7 . The method of any one of claims 1 to 6, wherein said relative
coding table (20) is an 8 by 8 matrix, said first coordinate being chosen in a
first range of [0. .7] according to a circular count of columns from left to
right, said second coordinate being chosen in a second range of [8..F]
according to a circular count of rows, with 8 added, from top to bottom, the
first particular coordinate being the first coordinate corresponding to zero
separating columns, and the second particular coordinate being the second
coordinate corresponding to zero separating rows.
8 . The method of any one of claims 1 to 7, further comprising,
between the parsing step and the coding step, the step of:
- checking for each first type sub-sequence (7) if the coded sub
sequence (11) that would be obtained through a coding step is shorter than
the original sub-sequence (7),
- if not, treating said first type sub-sequence (7) as a second type subsequence.
9 . A method for decompressing a compressed sequence (3), into a
string of characters, defined by a final ordered sequence (2) of characters (4)
each represented by an absolute number (5) uniquely representing each
character (4), according to an absolute coding table (10), comprising the
steps of:
- extracting (71) from said compressed sequence (3) at least one
coded sub-sequence (11) of contiguous numbers,
- decoding (72) said coded sub-sequence (11) into a final decoded
sub-sequence (7), using a relative coding table (20),
- keeping (83) remaining numbers and
- copying (84) each said remaining number into the decompressed
sequence 2 as a character represented by an absolute number using
said absolute coding table (10).
10. The method of claim 9, wherein extracting (71) and decoding
(72) steps further comprise the steps of:
- copying (73) an initial number (14) as a character represented by
said absolute number according to said absolute coding table (10), in
said final decoded sub-sequence (2),
- preprocessing (74) following numbers, following said initial number
(14), in said coded sub-sequence (11),
- decoding (80) following numbers, as relative displacements (21), in
said relative coding table (20), until a displacement points toward a
second specific control character (16) in said relative coding table
(20), indicative of an end of coding, and thus indicative of an end of
said coded sub-sequence (11).
11. The method of claim 10, wherein decoding (80) following
numbers step further comprises the steps of:
- starting (81) with a current character being said initial character
(14), a current position being the position of said initial character (14)

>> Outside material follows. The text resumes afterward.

(* Let the standing assumptions (listed in the context) hold and let $(x_k)$ be generated by Algorithm SLBFGS. Then there are constants $c,C>0$ such that $c\cdot\min\{1,\|\nabla\mathcal{J}(x_k)\|^{c_2}\}\le\frac{\|d_k\|}{\|\nabla\mathcal{J}(x_k)\|}\le C\cdot\max\{1,\|\nabla\mathcal{J}(x_k)\|^{-c_2}\}$ as well as $\frac{|\nabla\mathcal{J}(x_k)^Td_k|}{\|d_k\|}\ge C^{-1}\|\nabla\mathcal{J}(x_k)\|\min\{1,\|\nabla\mathcal{J}(x_k)\|^{2c_2}\}$ for all $k\ge0$.
   Context: Let $\mathcal{X}$ be a Hilbert space and $\mathcal{J}:\mathcal{X}\to\mathbb{R}$. Algorithm SLBFGS (structured inverse L-BFGS): inputs $x_0\in\mathcal{X}$, $\epsilon\geq0$, $\ell\in\mathbb{N}_0$, $c_0\geq 0$, $C_0\in[c_0,\infty]$, $c_s,c_1,c_2>0$; let $\tau_0>0$. For $k=0,1,2,\ldots$: let $m=\max\{0,k-\ell\}$; choose a symmetric positive semi-definite bounded linear operator $S_k$; set $B_k^{(0)}=\tau_k I+S_k$; let $B_k$ be obtained from $B_k^{(0)}$ and the currently stored pairs $(s_j,y_j)$, $m\le j\le k-1$, by successive L-BFGS updates $B\mapsto B+\frac{yy^T}{y^Ts}-\frac{Bss^TB}{s^TBs}$; set $d_k=-B_k^{-1}\nabla\mathcal{J}(x_k)$; compute a step length $\alpha_k>0$ by a line search; set $s_k=\alpha_kd_k$, $x_{k+1}=x_k+s_k$, $y_k=\nabla\mathcal{J}(x_{k+1})-\nabla\mathcal{J}(x_k)$; store $(s_k,y_k)$ only if $y_k^Ts_k>c_s\|s_k\|^2$; if $k\ge\ell$ remove $(s_m,y_m)$ from storage; stop with output $x_{k+1}$ if $\|\nabla\mathcal{J}(x_{k+1})\|\le\epsilon$; set $z_k=y_k-S_{k+1}s_k$, $\omega^l_{k+1}=\min\{c_0,c_1\|\nabla\mathcal{J}(x_{k+1})\|^{c_2}\}$, $\omega^u_{k+1}=\max\{C_0,(c_1\|\nabla\mathcal{J}(x_{k+1})\|^{c_2})^{-1}\}$; with $P(t)=\min\{\max\{t,\omega^l_{k+1}\},\omega^u_{k+1}\}$ and $\rho=z_k^Ts_k$ let $\tau^s=P(\rho/\|s_k\|^2)$, $\tau^g=P(\|z_k\|/\|s_k\|)$, $\tau^z=P(\|z_k\|^2/\rho)$; if $\rho>0$ choose $\tau_{k+1}\in[\tau^s,\tau^z]$, else choose $\tau_{k+1}\in[\tau^s,\tau^g]$. Line searches: Armijo with backtracking means, for fixed $\beta,\sigma\in(0,1)$, $\alpha_k$ is the largest number in $\{1,\beta,\beta^2,\ldots\}$ with $\mathcal{J}(x_{k+1})\le\mathcal{J}(x_k)+\alpha_k\sigma\nabla\mathcal{J}(x_k)^Td_k$; the Wolfe–Powell conditions are this Armijo inequality together with $\nabla\mathcal{J}(x_{k+1})^Td_k\ge\eta\nabla\mathcal{J}(x_k)^Td_k$ for fixed $\eta\in(\sigma,1)$. Let $\Omega=\{x:\mathcal{J}(x)\le\mathcal{J}(x_0)\}$ and $\Omega_\delta=\{x:\exists\hat x\in\Omega,\ \|x-\hat x\|<\delta\}$. Standing assumptions: 1) $\mathcal{J}$ is continuously differentiable and bounded below; 2) $\nabla\mathcal{J}$ is Lipschitz continuous on $\Omega$ with constant $L>0$; 3) $(\|S_k\|)$ is bounded; 4) the step sizes consistently satisfy the Armijo condition computed by backtracking, or consistently satisfy the Wolfe–Powell conditions; in the Armijo case there is $\delta>0$ such that $\mathcal{J}$ or $\nabla\mathcal{J}$ is uniformly continuous on $\Omega_\delta$; 5) $c_0=0$ is only chosen if then $\sup_k\|(B_k^{(0)})^{-1}\|<\infty$; 6) $C_0=\infty$ is only chosen if either the interval $[\tau^s,\tau^z]$ is replaced by $[\tau^s,\tau^g]$, or $\mathcal{J}$ is twice continuously differentiable, $\overline{G_k}:=\int_0^1\nabla^2\mathcal{J}(x_k+ts_k)\,dt-S_{k+1}$ is symmetric positive semi-definite for all $k$ and $(\|\overline{G_k}\|)$ is bounded. *)

theory Defs
  imports "HOL-Analysis.Analysis"
begin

in said relative coding table (20), and a current pair of coordinates
being the first pair of first coordinate and second coordinate in said
coded sub-sequence (20),
- repeating (82) the following steps, until the new position points
toward a second specific control character (16) in said relative coding
table (20) :
- applying from the current position in said relative coding table
(20), a displacement (21) as coded by the current pair of first
coordinate and second coordinate, the first coordinate indicating a
circular count of columns along a first predetermined direction, the
second coordinate indicating a circular count of rows along a second
predetermined direction, to find a new position, indicating a new
decoded character,
- copying said new decoded character after said current
character in said decoded final sub-sequence (7),
- updating the current character to said new decoded character,
updating the current position to said new position, updating the
current pair of coordinate to the next pair of first coordinate and
second coordinate in said coded sub-sequence (11).

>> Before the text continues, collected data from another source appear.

(* Let $\theta_*(\rho)=\inf\{\theta\geq0:h_{\rho,1}(u(\theta))\leq0\}$ for $\rho>0$. (a) $\theta_*(\rho)=1$ for $\rho>\max_{x>0}\frac{k(1-e^{-x})^{k-1}}{x}$. For $\rho\leq\max_{x>0}\frac{k(1-e^{-x})^{k-1}}{x}$, $\theta_*(\rho)=1-(1-e^{-\lambda_\rho})^k$, where $\lambda_\rho$ is the maximum positive solution of $\rho=\frac{k(1-e^{-\lambda})^{k-1}}{\lambda}$; furthermore, for these $\rho$, $y_2(\theta_*(\rho),\rho)=\frac{k}{f_1(\lambda_\rho)}(1-\theta_*(\rho))$. (b) (I) $y_2(\theta_*(\rho_k),\rho_k)=1-\theta_*(\rho_k)>0$. (II) Writing $\theta_k=\theta_*(\rho_k)$ and $\vec y(\theta)=\vec y(\theta,\rho_k)$, we have $y_1'(\theta_k)<0$ and $y_2'(\theta_k)<0$. (III) There exists $\epsilon>0$ such that $\theta\mapsto\vec y(\theta,\rho_k)$ is twice continuously differentiable when considered on $[0,\theta_k]$ and on $[\theta_k,\theta_k+\epsilon]$ separately.
   Context: Fix $k\geq3$. Let $f_1(\lambda)=\frac{\lambda(e^\lambda-1)}{e^\lambda-1-\lambda}$ for $\lambda>0$, let $\lambda_k$ be the unique positive solution of $f_1(\lambda)=k$, and $\rho_k=k(1-e^{-\lambda_k})^{k-1}/\lambda_k$. Let $u(\theta)=(1-\theta)^{1/k}$ and $h_{\rho,1}(u)=u-1+\exp(-ku^{k-1}/\rho)$. For $\theta\in[0,1)$ and $\vec x=(x_1,x_2)$ with $x_1\ge -k$, $x_2\ge0$, $\max(x_1,0)+2x_2\le k(1-\theta)$, let $\mathfrak p_0=\frac{\max(x_1,0)}{k(1-\theta)}$, $\mathfrak p_1=\frac{x_2\lambda^2}{k(1-\theta)(e^\lambda-1-\lambda)}$, $\mathfrak p_2=\frac{x_2\lambda}{k(1-\theta)}$, where for $x_2>0$, $\lambda$ is the unique positive solution of $f_1(\lambda)=\frac{k(1-\theta)-\max(x_1,0)}{x_2}$, and for $x_2=0$, $\mathfrak p_1=0$, $\mathfrak p_2=1-\mathfrak p_0$. Let $\vec F(\vec x,\theta)=(-1+(k-1)(\mathfrak p_1-\mathfrak p_0),-(k-1)\mathfrak p_1)$. For $\rho>0$, $\vec y(\theta,\rho)=(y_1,y_2)$ is the (unique) solution for $\theta\in[0,1)$ of $\frac{d\vec y}{d\theta}=\vec F(\vec y(\theta),\theta)$ with initial condition $\vec y(0,\rho)=(ke^{-k/\rho},\rho(1-e^{-k/\rho})-ke^{-k/\rho})$; derivatives $'$ are with respect to $\theta$. *)

theory Defs
  imports "HOL-Analysis.Analysis"
begin

definition f1 :: "real \<Rightarrow> real" where
  "f1 l = l * (exp l - 1) / (exp l - 1 - l)"

definition lam_k :: "nat \<Rightarrow> real" where
  "lam_k k = (THE l. l > 0 \<and> f1 l = real k)"

definition rho_k :: "nat \<Rightarrow> real" where
  "rho_k k = real k * (1 - exp (- lam_k k)) ^ (k - 1) / lam_k k"

definition u_fun :: "nat \<Rightarrow> real \<Rightarrow> real" where
  "u_fun k \<theta> = (1 - \<theta>) powr (1 / real k)"

definition h_fun :: "nat \<Rightarrow> real \<Rightarrow> real \<Rightarrow> real" where
  "h_fun k \<rho> v = v - 1 + exp (- real k * v ^ (k - 1) / \<rho>)"

definition dom_ok :: "nat \<Rightarrow> real \<Rightarrow> real \<times> real \<Rightarrow> bool" where
  "dom_ok k \<theta> x \<longleftrightarrow> fst x \<ge> - real k \<and> snd x \<ge> 0 \<and>
      max (fst x) 0 + 2 * snd x \<le> real k * (1 - \<theta>)"

definition lam_x :: "nat \<Rightarrow> real \<times> real \<Rightarrow> real \<Rightarrow> real" where
  "lam_x k x \<theta> = (THE l. l > 0 \<and> f1 l = (real k * (1 - \<theta>) - max (fst x) 0) / snd x)"

definition p0 :: "nat \<Rightarrow> real \<times> real \<Rightarrow> real \<Rightarrow> real" where
  "p0 k x \<theta> = max (fst x) 0 / (real k * (1 - \<theta>))"

definition p1 :: "nat \<Rightarrow> real \<times> real \<Rightarrow> real \<Rightarrow> real" where
  "p1 k x \<theta> = (if snd x = 0 then 0 else
     snd x * (lam_x k x \<theta>)^2 / (real k * (1 - \<theta>) * (exp (lam_x k x \<theta>) - 1 - lam_x k x \<theta>)))"

definition p2 :: "nat \<Rightarrow> real \<times> real \<Rightarrow> real \<Rightarrow> real" where
  "p2 k x \<theta> = (if snd x = 0 then 1 - p0 k x \<theta> else
     snd x * lam_x k x \<theta> / (real k * (1 - \<theta>)))"

definition F_vec :: "nat \<Rightarrow> real \<times> real \<Rightarrow> real \<Rightarrow> real \<times> real" where
  "F_vec k x \<theta> = (-1 + (real k - 1) * (p1 k x \<theta> - p0 k x \<theta>), - (real k - 1) * p1 k x \<theta>)"

definition y_init :: "nat \<Rightarrow> real \<Rightarrow> real \<times> real" where
  "y_init k \<rho> = (real k * exp (- real k / \<rho>),
                  \<rho> * (1 - exp (- real k / \<rho>)) - real k * exp (- real k / \<rho>))"

definition is_y_solution :: "nat \<Rightarrow> (real \<Rightarrow> real \<Rightarrow> real \<times> real) \<Rightarrow> bool" where
  "is_y_solution k y \<longleftrightarrow> (\<forall>\<rho>>0. y 0 \<rho> = y_init k \<rho> \<and>
     (\<forall>\<theta>\<in>{0..<1}. dom_ok k \<theta> (y \<theta> \<rho>) \<and>
        ((\<lambda>t. y t \<rho>) has_vector_derivative F_vec k (y \<theta> \<rho>) \<theta>) (at \<theta> within {0..<1})))"

definition theta_star :: "nat \<Rightarrow> real \<Rightarrow> real" where
  "theta_star k \<rho> = Inf {\<theta>. \<theta> \<ge> 0 \<and> h_fun k \<rho> (u_fun k \<theta>) \<le> 0}"

definition g_fun :: "nat \<Rightarrow> real \<Rightarrow> real" where
  "g_fun k x = real k * (1 - exp (- x)) ^ (k - 1) / x"

definition M_k :: "nat \<Rightarrow> real" where
  "M_k k = Sup (g_fun k ` {0<..})"

definition lam_rho :: "nat \<Rightarrow> real \<Rightarrow> real" where
  "lam_rho k \<rho> = (GREATEST l. l > 0 \<and> \<rho> = g_fun k l)"

definition C2_on :: "real set \<Rightarrow> (real \<Rightarrow> 'a::real_normed_vector) \<Rightarrow> bool" where
  "C2_on S g \<longleftrightarrow> (\<exists>g' g''. (\<forall>t\<in>S. (g has_vector_derivative g' t) (at t within S)) \<and>
      (\<forall>t\<in>S. (g' has_vector_derivative g'' t) (at t within S)) \<and> continuous_on S g'')"

end

theory Submission
  imports Defs "HOL-Real_Asymp.Real_Asymp"
begin

text \<open>
  While \<open>y\<^sub>1 \<ge> 0\<close> and \<open>y\<^sub>2 > 0\<close>, the ODE has two first integrals,
  \<open>\<lambda>(\<theta>) (1 - \<theta>)\<^bsup>-(k-1)/k\<^esup>\<close> and \<open>y\<^sub>2 / q(\<lambda>)\<close> with \<open>q(\<lambda>) = 1 - e\<^sup>-\<^sup>\<lambda> - \<lambda> e\<^sup>-\<^sup>\<lambda>\<close>.
  Hence \<open>\<lambda> = k u\<^bsup>k-1\<^esup>/\<rho>\<close>, \<open>y\<^sub>2 = \<rho> q(\<lambda>)\<close> and \<open>y\<^sub>1 = k u\<^bsup>k-1\<^esup> h\<^sub>\<rho>\<^sub>,\<^sub>1(u)\<close> for \<open>u = u(\<theta>)\<close>,
  so \<open>y\<^sub>1\<close> first vanishes at \<open>\<theta>\<^sub>*(\<rho>)\<close>, which is located through the largest root \<open>\<lambda>\<^sub>\<rho>\<close> of
  \<open>k (1 - e\<^sup>-\<^sup>\<lambda>)\<^bsup>k-1\<^esup>/\<lambda> = \<rho>\<close>; a continuation argument shows that the explicit formulas
  hold up to \<open>\<theta>\<^sub>*\<close>. For \<open>\<rho> = \<rho>\<^sub>k\<close> that root is \<open>\<lambda>\<^sub>k\<close>, because the function decreases
  beyond \<open>\<lambda>\<^sub>k\<close>; then \<open>f\<^sub>1(\<lambda>\<^sub>k) = k\<close> gives \<open>y\<^sub>2 = 1 - \<theta>\<^sub>*\<close>, and \<open>(k-1)\<lambda>\<^sub>k < e\<^bsup>\<lambda>\<^sub>k\<^esup> - 1\<close>
  makes both components of the field negative. Past \<open>\<theta>\<^sub>*\<close> the component \<open>y\<^sub>1\<close> is negative,
  \<open>p\<^sub>0\<close> vanishes and the field depends smoothly on the trajectory, which gives the one-sided
  \<open>C\<^sup>2\<close> regularity.
\<close>

section \<open>The function \<open>f1\<close> and its inverse\<close>

lemma exp_lower_Taylor_cubic:
  fixes x :: real assumes "0 \<le> x"
  shows "1 + x + x^2/2 + x^3/6 \<le> exp x"
proof -
  obtain t where "exp x = (\<Sum>m<4. x^m / fact m) + exp t / fact 4 * x^4"
    using Maclaurin_exp_le[of x 4] by blast
  moreover have "0 \<le> exp t / fact 4 * x^4" by simp
  ultimately show ?thesis by (simp add: eval_nat_numeral)
qed

definition exp_tail :: "real \<Rightarrow> real" where
  "exp_tail l = exp l - 1 - l"

lemma exp_tail_pos: assumes "0 < l" shows "0 < exp_tail l"
  using exp_lower_Taylor_cubic[of l] assms unfolding exp_tail_def
  by (smt (verit) zero_less_power divide_pos_pos)

lemma f1_eq: "0 < l \<Longrightarrow> f1 l = l + l^2 / exp_tail l"
  using exp_tail_pos[of l] unfolding f1_def exp_tail_def by (simp add: field_simps power2_eq_square)

lemma f1_gt_self: "0 < l \<Longrightarrow> l < f1 l"
  using f1_eq[of l] exp_tail_pos[of l] by simp

lemma sinh_gt_self: fixes x :: real assumes "0 < x" shows "x < sinh x"
proof -
  have "sinh 0 - 0 < sinh x - x"
  proof (rule DERIV_pos_imp_increasing_open[OF assms])
    fix t :: real assume "0 < t"
    then have "1 < cosh t" using cosh_real_ge_1[of t] cosh_real_one_iff[of t] by linarith
    then show "\<exists>d. ((\<lambda>t. sinh t - t) has_real_derivative d) (at t) \<and> 0 < d"
      by (intro exI[of _ "cosh t - 1"]) (auto intro!: derivative_eq_intros)
  qed (intro continuous_intros)
  then show ?thesis by simp
qed

definition df1 :: "real \<Rightarrow> real" where
  "df1 l = ((exp l - 1)^2 - l^2 * exp l) / exp_tail l ^ 2"

lemma f1_has_derivative: assumes "0 < l" shows "(f1 has_real_derivative df1 l) (at l)"
proof -
  have "exp l - 1 - l \<noteq> 0" using exp_tail_pos[OF assms] by (simp add: exp_tail_def)
  then have "((\<lambda>l. l * (exp l - 1) / (exp l - 1 - l)) has_real_derivative
     (((exp l - 1) + l * exp l) * (exp l - 1 - l) - l * (exp l - 1) * (exp l - 1)) / (exp l - 1 - l)^2) (at l)"
    by (auto intro!: derivative_eq_intros simp: power2_eq_square)
  moreover have "(((exp l - 1) + l * exp l) * (exp l - 1 - l) - l * (exp l - 1) * (exp l - 1)) / (exp l - 1 - l)^2 = df1 l"
    unfolding df1_def exp_tail_def by (simp add: algebra_simps power2_eq_square)
  ultimately show ?thesis unfolding f1_def[abs_def] by simp
qed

12. The method of any one of claims 10 or 11, wherein said first
coordinates are chosen in a first set of numbers and said second
coordinates are chosen in a second set of numbers, wherein no
number is shared between said first set of numbers and said second
sets of numbers, wherein the preprocessing (74) following numbers
step further comprises the steps of:
- separating (75) said following numbers into coordinates,
- inserting (76) a first particular coordinate before any second
particular coordinate,
- inserting (77) a second particular coordinate before any first
particular coordinate,
- inserting (78) a first particular coordinate between any two
contiguous second coordinates,
- inserting (79) a second particular coordinate between any two
contiguous first coordinates.
13. The method of any one of claims 10 to 12, wherein said relative
coding table (20) is an 8 by 8 matrix, said first coordinate being chosen in a
first range of [0..7] according to the circular count of columns from left to
right, said second coordinate being chosen in a second range of [8..F]
according to the circular count of rows, with 8 added, from top to bottom,
the first particular coordinate being the first coordinate corresponding to zero
separating columns, and the second particular coordinate being the second
coordinate corresponding to zero separating rows.

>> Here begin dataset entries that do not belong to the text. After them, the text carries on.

theorem branch_separated:
  assumes c: "\<forall>i. continuous_op (V i)" and fg: "f \<noteq> g"
  shows "V i (branch V f) \<noteq> graph (branch V g)"
proof -
  from fg obtain n where n: "f n \<noteq> g n" by auto
  let ?k = "max n i"
  have ne: "init_seg f (Suc ?k) \<noteq> init_seg g (Suc ?k)"
  proof
    assume "init_seg f (Suc ?k) = init_seg g (Suc ?k)"
    then have "init_seg f (Suc ?k) ! n = init_seg g (Suc ?k) ! n" by simp
    with n show False unfolding init_seg_def by (simp del: upt_Suc add: less_Suc_eq_le)
  qed
  have "(i, init_seg f (Suc ?k), init_seg g (Suc ?k)) \<in> set (requests ?k)"
    by (intro requests_mem) (auto simp: init_seg_def)
  from fold_tree_step_separated[OF c this ne]
  have "separated (V i) (tree V (Suc ?k) (init_seg f (Suc ?k))) (tree V (Suc ?k) (init_seg g (Suc ?k)))"
    by simp
  then show ?thesis using branch_extends[OF c] unfolding separated_def by blast
qed


text \<open>There are countably many partial recursive functions, hence countably many transformations.\<close>
instance recf :: countable by countable_datatype

definition all_ops :: "nat \<Rightarrow> (nat \<Rightarrow> bool) \<Rightarrow> (nat \<times> bool) set" where
  "all_ops i = induced_op (transf_of (from_nat i))"

lemma all_ops_continuous: "\<forall>i. continuous_op (all_ops i)"
  unfolding all_ops_def transf_of_def by (auto intro: induced_op_continuous)

text \<open>If K_X \<le>c K_Y (even via a mere transformation), then some operator of the family sends
  X to the graph of Y.\<close>
lemma le_c_succ_class_op:
  assumes "le_c succ_sig (succ_class X) succ_sig (succ_class Y)"
  shows "\<exists>i. all_ops i X = graph Y"
proof -
  from assms obtain \<Phi> where ct: "comp_transf succ_sig (succ_class X) succ_sig (succ_class Y) \<Phi>"
    unfolding le_c_def comp_emb_def by blast
  from comp_transf_index[OF ct] obtain r where r: "\<Phi> = transf_of r" by blast
  from ct have "\<forall>A\<in>succ_class X. \<exists>B\<in>succ_class Y. transf_out succ_sig \<Phi> A = diag succ_sig B"
    unfolding comp_transf_def by blast
  with succ_struc_in_class obtain B where
    B: "B \<in> succ_class Y" "transf_out succ_sig \<Phi> (succ_struc X) = diag succ_sig B"
    by blast
  have "all_ops (to_nat r) X = decode (diag succ_sig B)"
    unfolding all_ops_def induced_op_def using B(2) r by simp
  also have "\<dots> = graph Y" using B(1) by (rule decode_succ_class)
  finally show ?thesis by blast
qed

theorem proposition4p1:
  shows "\<exists>(sig :: (nat \<Rightarrow> bool) \<Rightarrow> nat list) (K :: (nat \<Rightarrow> bool) \<Rightarrow> struc set).
           (\<forall>f. is_class (sig f) (K f) \<and> le_c (sig f) (K f) PF_sig PF) \<and>
           (\<forall>f g. f \<noteq> g \<longrightarrow> incomparable (sig f) (K f) (sig g) (K g))"
proof (intro exI[of _ "\<lambda>_. succ_sig"] exI[of _ "\<lambda>f. succ_class (branch all_ops f)"] conjI allI impI)
  fix f
  show "is_class succ_sig (succ_class (branch all_ops f))" by (rule succ_class_is_class)
  show "le_c succ_sig (succ_class (branch all_ops f)) PF_sig PF" by (rule succ_class_le_PF)
next
  have no_le: "\<not> le_c succ_sig (succ_class (branch all_ops f)) succ_sig (succ_class (branch all_ops g))"
    if "f \<noteq> g" for f g
    using le_c_succ_class_op branch_separated[OF all_ops_continuous that] by blast
  fix f g :: "nat \<Rightarrow> bool" assume "f \<noteq> g"
  then show "incomparable succ_sig (succ_class (branch all_ops f)) succ_sig (succ_class (branch all_ops g))"
    unfolding incomparable_def using no_le by (simp add: eq_commute)
qed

14. A compressor (50) for compressing a string of characters
initially defined by an original ordered sequence (2) of characters (4) each
represented by an absolute number (5) uniquely representing each character
(4), according to an absolute coding table (10), into a compressed sequence
(3), comprising :
- a parser (51) for parsing said original sequence (2) into at least one
first type sub-sequence (7) comprising contiguous characters, each of the
contiguous characters of the first type sub-sequence (7) being selected
based on a corresponding character in a relative coding table (20), and into
at least one second type sub-sequence (8) comprising contiguous remaining
characters,
- a coder (53) for coding each first type sub-sequence (7) using said
relative coding table (20),
- a copier (60) for copying each character (4) from each second type
sub-sequence (8) in said compressed sequence (3), each character being
represented by its absolute representing number (5) from said absolute
coding table (10).
15. The compressor of claim 14, wherein the coder (53) further
comprises:
- a first sub-coder (54) for coding the initial character (14) of said sub
sequence by its original absolute representing number (5) from said
absolute coding table (10), as a keycode (14),
- a second sub-coder (55) for coding each character following said
initial character (14) in said sub-sequence (7) by coding a
displacement (21) in said relative coding table (20), between a
character preceding said character and said character,
- a third sub-coder (59) for ending the coding of said first type sub
sequence (7) by coding a displacement (21) toward a second specific
control character (16) in said relative coding table (20), indicative of
an end of coding, after the last character in said sub-sequence (7).
16. The compressor of claim 14 or 15, further comprising :
- an inserter (61) for inserting a checksum (18, 19), computed from
said original sequence (2), into said compressed sequence (3).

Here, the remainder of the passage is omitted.